---------- GIVEN INFORMATION ----------

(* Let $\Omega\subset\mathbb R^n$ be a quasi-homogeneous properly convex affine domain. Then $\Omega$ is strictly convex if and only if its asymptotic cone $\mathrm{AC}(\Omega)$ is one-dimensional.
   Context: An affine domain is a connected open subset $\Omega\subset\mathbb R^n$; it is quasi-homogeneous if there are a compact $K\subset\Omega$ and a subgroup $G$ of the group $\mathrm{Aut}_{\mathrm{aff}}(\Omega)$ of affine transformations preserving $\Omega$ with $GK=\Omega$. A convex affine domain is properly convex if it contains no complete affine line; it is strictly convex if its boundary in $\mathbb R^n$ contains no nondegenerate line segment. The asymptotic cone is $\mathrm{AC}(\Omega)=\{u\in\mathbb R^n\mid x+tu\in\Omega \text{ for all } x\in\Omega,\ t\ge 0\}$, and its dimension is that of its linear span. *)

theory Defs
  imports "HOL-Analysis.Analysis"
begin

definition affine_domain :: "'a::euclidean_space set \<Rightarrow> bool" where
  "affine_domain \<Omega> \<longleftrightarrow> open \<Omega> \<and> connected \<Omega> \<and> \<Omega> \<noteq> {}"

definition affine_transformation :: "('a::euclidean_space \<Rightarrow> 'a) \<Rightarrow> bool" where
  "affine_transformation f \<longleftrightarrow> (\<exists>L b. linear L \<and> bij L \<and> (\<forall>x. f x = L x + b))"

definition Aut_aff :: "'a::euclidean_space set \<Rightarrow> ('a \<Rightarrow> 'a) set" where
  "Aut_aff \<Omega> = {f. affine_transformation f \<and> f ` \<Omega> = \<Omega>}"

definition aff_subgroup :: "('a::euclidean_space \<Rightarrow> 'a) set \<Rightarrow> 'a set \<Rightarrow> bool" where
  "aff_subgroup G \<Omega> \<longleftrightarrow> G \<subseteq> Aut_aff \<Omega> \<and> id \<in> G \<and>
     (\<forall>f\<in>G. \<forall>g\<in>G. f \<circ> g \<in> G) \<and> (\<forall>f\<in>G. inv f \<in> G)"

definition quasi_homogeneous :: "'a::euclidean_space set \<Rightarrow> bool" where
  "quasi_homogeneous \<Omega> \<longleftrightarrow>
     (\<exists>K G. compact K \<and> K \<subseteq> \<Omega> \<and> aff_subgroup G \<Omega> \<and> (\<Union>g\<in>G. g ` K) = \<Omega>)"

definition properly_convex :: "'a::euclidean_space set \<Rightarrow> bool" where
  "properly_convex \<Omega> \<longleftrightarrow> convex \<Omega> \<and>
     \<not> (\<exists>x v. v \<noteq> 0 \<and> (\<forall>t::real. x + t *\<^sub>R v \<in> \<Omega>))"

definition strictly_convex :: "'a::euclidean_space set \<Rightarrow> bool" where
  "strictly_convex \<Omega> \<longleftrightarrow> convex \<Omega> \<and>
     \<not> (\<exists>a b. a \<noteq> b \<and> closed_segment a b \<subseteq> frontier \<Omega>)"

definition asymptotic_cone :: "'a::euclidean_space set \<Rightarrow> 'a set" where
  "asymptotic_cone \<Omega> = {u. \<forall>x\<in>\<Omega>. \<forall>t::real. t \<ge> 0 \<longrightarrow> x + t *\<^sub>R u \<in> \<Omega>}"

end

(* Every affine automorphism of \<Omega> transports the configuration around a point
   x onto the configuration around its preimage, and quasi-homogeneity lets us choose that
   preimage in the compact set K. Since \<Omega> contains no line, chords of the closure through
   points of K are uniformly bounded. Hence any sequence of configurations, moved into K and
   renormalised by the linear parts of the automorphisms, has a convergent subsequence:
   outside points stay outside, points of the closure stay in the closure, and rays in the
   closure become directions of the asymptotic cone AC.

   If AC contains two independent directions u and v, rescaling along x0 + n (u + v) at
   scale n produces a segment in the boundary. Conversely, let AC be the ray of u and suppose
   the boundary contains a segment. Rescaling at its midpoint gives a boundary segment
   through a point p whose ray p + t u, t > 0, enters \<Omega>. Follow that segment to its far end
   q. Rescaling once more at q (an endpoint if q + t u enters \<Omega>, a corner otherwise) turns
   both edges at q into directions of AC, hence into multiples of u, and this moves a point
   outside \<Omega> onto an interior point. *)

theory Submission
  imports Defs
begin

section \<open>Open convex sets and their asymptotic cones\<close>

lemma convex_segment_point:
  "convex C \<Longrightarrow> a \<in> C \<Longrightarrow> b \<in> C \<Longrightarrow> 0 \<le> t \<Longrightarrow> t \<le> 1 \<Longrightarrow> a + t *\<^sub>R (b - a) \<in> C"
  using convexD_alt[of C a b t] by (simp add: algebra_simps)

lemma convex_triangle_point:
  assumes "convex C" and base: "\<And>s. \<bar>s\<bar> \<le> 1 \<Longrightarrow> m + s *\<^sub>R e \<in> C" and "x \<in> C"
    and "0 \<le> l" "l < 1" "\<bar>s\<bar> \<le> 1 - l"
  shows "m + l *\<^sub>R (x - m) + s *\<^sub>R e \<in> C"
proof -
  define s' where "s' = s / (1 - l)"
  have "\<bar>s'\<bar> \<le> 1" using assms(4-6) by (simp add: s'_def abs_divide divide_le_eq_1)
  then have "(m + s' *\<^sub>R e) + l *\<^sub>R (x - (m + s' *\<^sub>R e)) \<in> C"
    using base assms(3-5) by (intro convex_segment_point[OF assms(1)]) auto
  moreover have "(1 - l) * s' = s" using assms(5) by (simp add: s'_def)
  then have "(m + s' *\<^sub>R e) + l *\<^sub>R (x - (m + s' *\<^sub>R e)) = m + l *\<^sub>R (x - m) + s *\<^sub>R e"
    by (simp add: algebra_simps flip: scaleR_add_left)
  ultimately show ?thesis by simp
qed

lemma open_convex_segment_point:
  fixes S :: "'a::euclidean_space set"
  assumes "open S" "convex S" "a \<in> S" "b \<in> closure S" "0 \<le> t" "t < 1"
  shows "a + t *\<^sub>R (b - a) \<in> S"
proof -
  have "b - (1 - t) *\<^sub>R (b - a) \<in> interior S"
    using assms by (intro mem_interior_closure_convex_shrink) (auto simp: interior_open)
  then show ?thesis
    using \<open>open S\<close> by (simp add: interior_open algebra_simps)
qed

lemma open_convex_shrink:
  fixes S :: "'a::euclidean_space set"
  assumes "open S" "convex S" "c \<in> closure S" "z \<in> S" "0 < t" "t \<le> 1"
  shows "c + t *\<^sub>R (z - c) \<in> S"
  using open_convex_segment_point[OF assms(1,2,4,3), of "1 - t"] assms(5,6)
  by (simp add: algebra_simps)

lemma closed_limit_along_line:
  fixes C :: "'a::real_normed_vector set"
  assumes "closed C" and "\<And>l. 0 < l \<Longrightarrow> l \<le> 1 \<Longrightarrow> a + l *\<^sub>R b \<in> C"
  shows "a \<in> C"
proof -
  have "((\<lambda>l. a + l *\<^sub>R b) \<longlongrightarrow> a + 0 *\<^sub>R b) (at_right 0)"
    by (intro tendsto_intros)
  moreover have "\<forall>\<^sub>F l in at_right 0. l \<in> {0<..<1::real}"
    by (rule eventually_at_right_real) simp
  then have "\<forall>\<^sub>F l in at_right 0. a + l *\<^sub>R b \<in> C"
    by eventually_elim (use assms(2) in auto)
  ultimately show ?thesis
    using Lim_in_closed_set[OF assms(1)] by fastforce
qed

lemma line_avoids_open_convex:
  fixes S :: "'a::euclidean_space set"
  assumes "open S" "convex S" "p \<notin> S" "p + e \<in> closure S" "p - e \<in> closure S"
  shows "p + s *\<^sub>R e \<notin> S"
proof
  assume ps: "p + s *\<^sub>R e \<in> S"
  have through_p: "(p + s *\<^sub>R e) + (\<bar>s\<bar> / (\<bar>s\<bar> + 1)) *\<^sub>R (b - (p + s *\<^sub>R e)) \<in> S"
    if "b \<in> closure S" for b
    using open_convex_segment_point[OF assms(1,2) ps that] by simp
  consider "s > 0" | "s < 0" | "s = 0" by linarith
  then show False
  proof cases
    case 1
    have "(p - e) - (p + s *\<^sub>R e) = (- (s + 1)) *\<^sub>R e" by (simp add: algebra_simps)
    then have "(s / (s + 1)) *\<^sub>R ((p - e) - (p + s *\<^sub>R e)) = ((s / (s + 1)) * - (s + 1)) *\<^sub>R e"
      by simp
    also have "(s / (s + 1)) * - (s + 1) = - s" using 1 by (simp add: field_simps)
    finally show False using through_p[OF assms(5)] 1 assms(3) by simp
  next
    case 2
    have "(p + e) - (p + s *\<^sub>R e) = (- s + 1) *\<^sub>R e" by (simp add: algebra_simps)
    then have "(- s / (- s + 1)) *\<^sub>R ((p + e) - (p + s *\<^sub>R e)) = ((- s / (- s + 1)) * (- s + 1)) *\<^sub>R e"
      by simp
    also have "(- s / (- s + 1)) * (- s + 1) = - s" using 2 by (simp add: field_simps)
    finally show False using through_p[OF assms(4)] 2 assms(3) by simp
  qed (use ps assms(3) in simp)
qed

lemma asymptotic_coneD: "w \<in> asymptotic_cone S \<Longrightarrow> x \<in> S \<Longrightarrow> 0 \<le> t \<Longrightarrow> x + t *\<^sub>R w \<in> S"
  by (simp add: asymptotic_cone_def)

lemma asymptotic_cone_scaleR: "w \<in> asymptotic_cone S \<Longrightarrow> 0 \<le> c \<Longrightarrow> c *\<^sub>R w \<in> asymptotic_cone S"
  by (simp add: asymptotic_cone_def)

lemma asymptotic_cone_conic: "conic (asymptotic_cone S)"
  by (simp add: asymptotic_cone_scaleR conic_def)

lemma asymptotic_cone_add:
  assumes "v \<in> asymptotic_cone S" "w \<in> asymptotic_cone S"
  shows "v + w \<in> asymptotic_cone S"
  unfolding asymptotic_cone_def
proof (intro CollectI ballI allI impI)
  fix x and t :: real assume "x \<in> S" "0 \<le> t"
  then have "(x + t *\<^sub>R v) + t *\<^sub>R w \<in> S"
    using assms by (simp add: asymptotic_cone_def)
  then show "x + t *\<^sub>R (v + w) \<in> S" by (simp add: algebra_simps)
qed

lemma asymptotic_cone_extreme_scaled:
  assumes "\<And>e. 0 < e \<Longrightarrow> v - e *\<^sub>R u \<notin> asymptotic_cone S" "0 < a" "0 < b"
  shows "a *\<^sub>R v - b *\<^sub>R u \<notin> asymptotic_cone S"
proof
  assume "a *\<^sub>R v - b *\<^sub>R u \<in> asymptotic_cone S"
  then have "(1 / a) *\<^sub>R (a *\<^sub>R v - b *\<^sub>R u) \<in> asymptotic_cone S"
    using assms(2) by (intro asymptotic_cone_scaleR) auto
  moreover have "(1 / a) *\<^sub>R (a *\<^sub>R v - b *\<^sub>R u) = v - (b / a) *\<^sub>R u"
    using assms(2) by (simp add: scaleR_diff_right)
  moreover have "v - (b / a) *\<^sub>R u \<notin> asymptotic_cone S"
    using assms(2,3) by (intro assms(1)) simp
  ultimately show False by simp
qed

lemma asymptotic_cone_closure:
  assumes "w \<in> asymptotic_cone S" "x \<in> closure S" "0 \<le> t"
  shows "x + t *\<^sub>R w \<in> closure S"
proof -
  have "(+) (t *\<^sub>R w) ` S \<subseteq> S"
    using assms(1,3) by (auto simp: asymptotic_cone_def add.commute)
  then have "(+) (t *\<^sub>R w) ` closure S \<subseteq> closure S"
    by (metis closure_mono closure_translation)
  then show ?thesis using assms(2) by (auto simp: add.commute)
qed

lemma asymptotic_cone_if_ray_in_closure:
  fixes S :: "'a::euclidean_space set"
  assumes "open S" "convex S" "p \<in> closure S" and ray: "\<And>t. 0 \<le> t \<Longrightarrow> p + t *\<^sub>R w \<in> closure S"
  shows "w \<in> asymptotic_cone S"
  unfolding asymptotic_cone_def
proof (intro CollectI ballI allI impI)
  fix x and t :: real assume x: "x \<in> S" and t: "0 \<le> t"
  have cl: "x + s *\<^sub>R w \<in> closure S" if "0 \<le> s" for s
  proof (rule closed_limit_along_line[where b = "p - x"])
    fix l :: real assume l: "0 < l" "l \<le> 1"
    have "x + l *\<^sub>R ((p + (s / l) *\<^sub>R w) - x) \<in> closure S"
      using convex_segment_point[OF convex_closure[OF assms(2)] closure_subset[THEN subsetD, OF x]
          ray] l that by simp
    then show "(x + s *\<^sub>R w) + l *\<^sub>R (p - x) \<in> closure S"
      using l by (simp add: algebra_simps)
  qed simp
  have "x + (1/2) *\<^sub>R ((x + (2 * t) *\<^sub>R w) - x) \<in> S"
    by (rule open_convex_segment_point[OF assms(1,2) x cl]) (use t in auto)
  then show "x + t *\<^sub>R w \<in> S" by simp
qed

----------

◆ WORK TO BE COMPLETED ◆
Write only the number of lines in the entries where the string "subseteq" occurs.

◆ EXERCISE ANSWER ◆
5